Task prompt>
Copy out each line from the start of the material below until the line with "using swap t", that line included.

Records provided>
lemma sign_eq_koszul_sign:
  assumes "\<sigma> permutes {..<N}"
  shows "of_int (sign \<sigma>) = koszul_sign (\<lambda>_. True) \<sigma> N"
  using assms finite_lessThan
proof (induction rule: permutes_induct)
  case id
  have no_inversions: "{(i, j). i < j \<and> j < N \<and> j < i} = {}" by auto
  show ?case by (simp add: koszul_sign_def no_inversions)
next
  case (swap a b \<pi>)
  have t: "transpose a b permutes {..<N}"
    using swap by (simp add: permutes_swap_id)
  have "koszul_sign (\<lambda>_. True) (transpose a b) N = -1"
    using swap koszul_sign_transpose[of a b N] koszul_sign_transpose[of b a N]
    by (cases "a < b") (auto simp: transpose_commute)
  then have "koszul_sign (\<lambda>_. True) (transpose a b \<circ> \<pi>) N = - koszul_sign (\<lambda>_. True) \<pi> N"
    using koszul_sign_comp[OF t \<open>\<pi> permutes {..<N}\<close>, of "\<lambda>_. True"] by (simp add: o_def)
  moreover have "sign (transpose a b \<circ> \<pi>) = - sign \<pi>"
    using swap t by (subst sign_compose) (auto simp: permutation_permutes sign_swap_id)
  ultimately show ?case using swap by (simp del: comp_apply)
qed

lemma koszul_sign_adjacent_transpose:
  assumes "Suc j < N"
  shows "koszul_sign D (transpose j (Suc j)) N = (if D j \<and> D (Suc j) then -1 else 1)"
proof -
  have "{(i, l). i < l \<and> l < N \<and> transpose j (Suc j) l < transpose j (Suc j) i
        \<and> D (transpose j (Suc j) i) \<and> D (transpose j (Suc j) l)}
      = (if D j \<and> D (Suc j) then {(j, Suc j)} else {})"
    using assms by (auto simp: transpose_def split: if_splits)
  then show ?thesis by (simp add: koszul_sign_def)
qed

definition shift_perm :: "nat \<Rightarrow> nat \<Rightarrow> (nat \<Rightarrow> nat) \<Rightarrow> nat \<Rightarrow> nat" where
  "shift_perm a b \<tau> = (\<lambda>i. if a \<le> i \<and> i < a + b then a + \<tau> (i - a) else i)"

lemma shift_perm_permutes:
  assumes "\<tau> permutes {..<b}"
  shows "shift_perm a b \<tau> permutes {..<a + b}"
proof -
  have inv: "inv \<tau> permutes {..<b}"
    using assms by (rule permutes_inv)
  have "\<And>x. inv \<tau> (\<tau> x) = x" "\<And>x. \<tau> (inv \<tau> x) = x"
    using assms permutes_inverses by fastforce+
  then have "bij_betw (shift_perm a b \<tau>) {..<a + b} {..<a + b}"
    using permutes_lessThan_in[OF assms] permutes_lessThan_in[OF inv]
    by (intro bij_betw_byWitness[where f' = "shift_perm a b (inv \<tau>)"])
       (auto simp: shift_perm_def)
  then show ?thesis
    by (rule bij_imp_permutes) (auto simp: shift_perm_def)
qed

lemma koszul_sign_shift_perm:
  assumes "\<tau> permutes {..<b}"
  shows "koszul_sign D (shift_perm a b \<tau>) (a + b) = koszul_sign (\<lambda>i. D (a + i)) \<tau> b"
proof -
  let ?s = "shift_perm a b \<tau>"
  have "{(i, j). i < j \<and> j < a + b \<and> ?s j < ?s i \<and> D (?s i) \<and> D (?s j)}
     = (\<lambda>(i, j). (a + i, a + j)) `
         {(i, j). i < j \<and> j < b \<and> \<tau> j < \<tau> i \<and> D (a + \<tau> i) \<and> D (a + \<tau> j)}"
  proof (intro set_eqI iffI)
    fix x assume "x \<in> {(i, j). i < j \<and> j < a + b \<and> ?s j < ?s i \<and> D (?s i) \<and> D (?s j)}"
    then obtain i j where ij: "x = (i, j)" "i < j" "j < a + b" "?s j < ?s i"
      "D (?s i)" "D (?s j)" by auto
    have "a \<le> i"
      using ij permutes_lessThan_in[OF assms] by (auto simp: shift_perm_def split: if_splits)
    then have "(i - a, j - a)
        \<in> {(i, j). i < j \<and> j < b \<and> \<tau> j < \<tau> i \<and> D (a + \<tau> i) \<and> D (a + \<tau> j)}"
      using ij by (auto simp: shift_perm_def)
    moreover have "x = (a + (i - a), a + (j - a))"
      using ij \<open>a \<le> i\<close> by simp
    ultimately show "x \<in> (\<lambda>(i, j). (a + i, a + j)) `
        {(i, j). i < j \<and> j < b \<and> \<tau> j < \<tau> i \<and> D (a + \<tau> i) \<and> D (a + \<tau> j)}"
      by force
  qed (auto simp: shift_perm_def)
  moreover have "inj (\<lambda>(i::nat, j::nat). (a + i, a + j))"
    by (auto simp: inj_def)
  ultimately show ?thesis
    by (simp add: koszul_sign_def card_image inj_on_subset[of _ UNIV])
qed

section \<open>Permutations of blocks\<close>

lemma card_pairs_Cons:
  "card {(u, v). u < v \<and> v < length (x # L) \<and> R ((x # L) ! u) ((x # L) ! v)}
   = card {v. v < length L \<and> R x (L ! v)} + card {(u, v). u < v \<and> v < length L \<and> R (L ! u) (L ! v)}"
proof -
  let ?A = "{v. v < length L \<and> R x (L ! v)}"
  let ?B = "{(u, v). u < v \<and> v < length L \<and> R (L ! u) (L ! v)}"
  have "{(u, v). u < v \<and> v < length (x # L) \<and> R ((x # L) ! u) ((x # L) ! v)}
      = (\<lambda>v. (0, Suc v)) ` ?A \<union> (\<lambda>(u, v). (Suc u, Suc v)) ` ?B"
  proof (intro set_eqI iffI)
    fix z assume "z \<in> {(u, v). u < v \<and> v < length (x # L) \<and> R ((x # L) ! u) ((x # L) ! v)}"
    then obtain u v where z: "z = (u, Suc v)" "u < Suc v" "v < length L"
        "R ((x # L) ! u) (L ! v)"
      by (auto simp: less_Suc_eq_0_disj)
    show "z \<in> (\<lambda>v. (0, Suc v)) ` ?A \<union> (\<lambda>(u, v). (Suc u, Suc v)) ` ?B"
    proof (cases u)
      case (Suc u')
      then have "(u', v) \<in> ?B" using z by auto
      then show ?thesis using z Suc by (auto simp: image_iff)
    qed (use z in auto)
  qed auto
  moreover have "finite ?B"
    by (rule finite_subset[of _ "{..<length L} \<times> {..<length L}"]) auto
  then have "card ((\<lambda>v. (0, Suc v)) ` ?A \<union> (\<lambda>(u, v). (Suc u, Suc v)) ` ?B)
      = card ((\<lambda>v. (0::nat, Suc v)) ` ?A) + card ((\<lambda>(u, v). (Suc u, Suc v)) ` ?B)"
    by (intro card_Un_disjoint) auto
  moreover have "card ((\<lambda>v. (0::nat, Suc v)) ` ?A) = card ?A"
    "card ((\<lambda>(u, v). (Suc u, Suc v)) ` ?B) = card ?B"
    by (auto intro!: card_image simp: inj_on_def)
  ultimately show ?thesis by simp
qed

fun inversions :: "(nat \<Rightarrow> bool) \<Rightarrow> nat list \<Rightarrow> nat" where
  "inversions D [] = 0"
| "inversions D (x # L) = length (filter (\<lambda>y. y < x \<and> D x \<and> D y) L) + inversions D L"

lemma card_inversions:
  "card {(u, v). u < v \<and> v < length L \<and> L ! v < L ! u \<and> D (L ! u) \<and> D (L ! v)} = inversions D L"
proof (induction L)
  case (Cons x L)
  then show ?case
    using card_pairs_Cons[of x L "\<lambda>a b. b < a \<and> D a \<and> D b"]
    by (simp add: length_filter_conv_card)
qed simp

lemma koszul_sign_eq_inversions: "koszul_sign D \<sigma> N = (-1) ^ inversions D (map \<sigma> [0..<N])"
proof -
  have "{(i, j). i < j \<and> j < N \<and> \<sigma> j < \<sigma> i \<and> D (\<sigma> i) \<and> D (\<sigma> j)}
    = {(u, v). u < v \<and> v < length (map \<sigma> [0..<N]) \<and> map \<sigma> [0..<N] ! v < map \<sigma> [0..<N] ! u
        \<and> D (map \<sigma> [0..<N] ! u) \<and> D (map \<sigma> [0..<N] ! v)}"
    by auto
  then show ?thesis
    by (simp only: koszul_sign_def card_inversions)
qed

definition cross_inversions :: "(nat \<Rightarrow> bool) \<Rightarrow> nat list \<Rightarrow> nat list \<Rightarrow> nat" where
  "cross_inversions D A B = sum_list (map (\<lambda>x. length (filter (\<lambda>y. y < x \<and> D x \<and> D y) B)) A)"

lemma inversions_append:
  "inversions D (A @ B) = inversions D A + inversions D B + cross_inversions D A B"
  by (induction A) (auto simp: cross_inversions_def)

lemma cross_inversions_append:
  "cross_inversions D A (B @ C) = cross_inversions D A B + cross_inversions D A C"
  by (induction A) (auto simp: cross_inversions_def)

lemma cross_inversions_greater:
  assumes "\<And>x y. x \<in> set A \<Longrightarrow> y \<in> set B \<Longrightarrow> y < x"
  shows "cross_inversions D A B = length (filter D A) * length (filter D B)"
  using assms
proof (induction A)
  case (Cons a A)
  have "filter (\<lambda>y. y < a \<and> D a \<and> D y) B = (if D a then filter D B else [])"
    using Cons.prems by (auto intro: filter_cong)
  then show ?case using Cons by (simp add: cross_inversions_def)
qed (simp add: cross_inversions_def)

lemma cross_inversions_less:
  assumes "\<And>x y. x \<in> set A \<Longrightarrow> y \<in> set B \<Longrightarrow> x < y"
  shows "cross_inversions D A B = 0"
  using assms by (fastforce simp: cross_inversions_def filter_empty_conv dest: less_asym)

fun block :: "nat \<Rightarrow> nat list" where
  "block 0 = [0]"
| "block (Suc i) = [2 * i + 1, 2 * i + 2]"

lemma block_less: "b < a \<Longrightarrow> x \<in> set (block a) \<Longrightarrow> y \<in> set (block b) \<Longrightarrow> y < x"
  by (cases a; cases b) auto

lemma inversions_block [simp]: "inversions D (block a) = 0"
  by (cases a) auto

lemma length_block: "length (block a) = (if a = 0 then 1 else 2)"
  by (cases a) auto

Problem solution>
lemma sign_eq_koszul_sign:
  assumes "\<sigma> permutes {..<N}"
  shows "of_int (sign \<sigma>) = koszul_sign (\<lambda>_. True) \<sigma> N"
  using assms finite_lessThan
proof (induction rule: permutes_induct)
  case id
  have no_inversions: "{(i, j). i < j \<and> j < N \<and> j < i} = {}" by auto
  show ?case by (simp add: koszul_sign_def no_inversions)
next
  case (swap a b \<pi>)
  have t: "transpose a b permutes {..<N}"
    using swap by (simp add: permutes_swap_id)
  have "koszul_sign (\<lambda>_. True) (transpose a b) N = -1"
    using swap koszul_sign_transpose[of a b N] koszul_sign_transpose[of b a N]
    by (cases "a < b") (auto simp: transpose_commute)
  then have "koszul_sign (\<lambda>_. True) (transpose a b \<circ> \<pi>) N = - koszul_sign (\<lambda>_. True) \<pi> N"
    using koszul_sign_comp[OF t \<open>\<pi> permutes {..<N}\<close>, of "\<lambda>_. True"] by (simp add: o_def)
  moreover have "sign (transpose a b \<circ> \<pi>) = - sign \<pi>"
    using swap t by (subst sign_compose) (auto simp: permutation_permutes sign_swap_id)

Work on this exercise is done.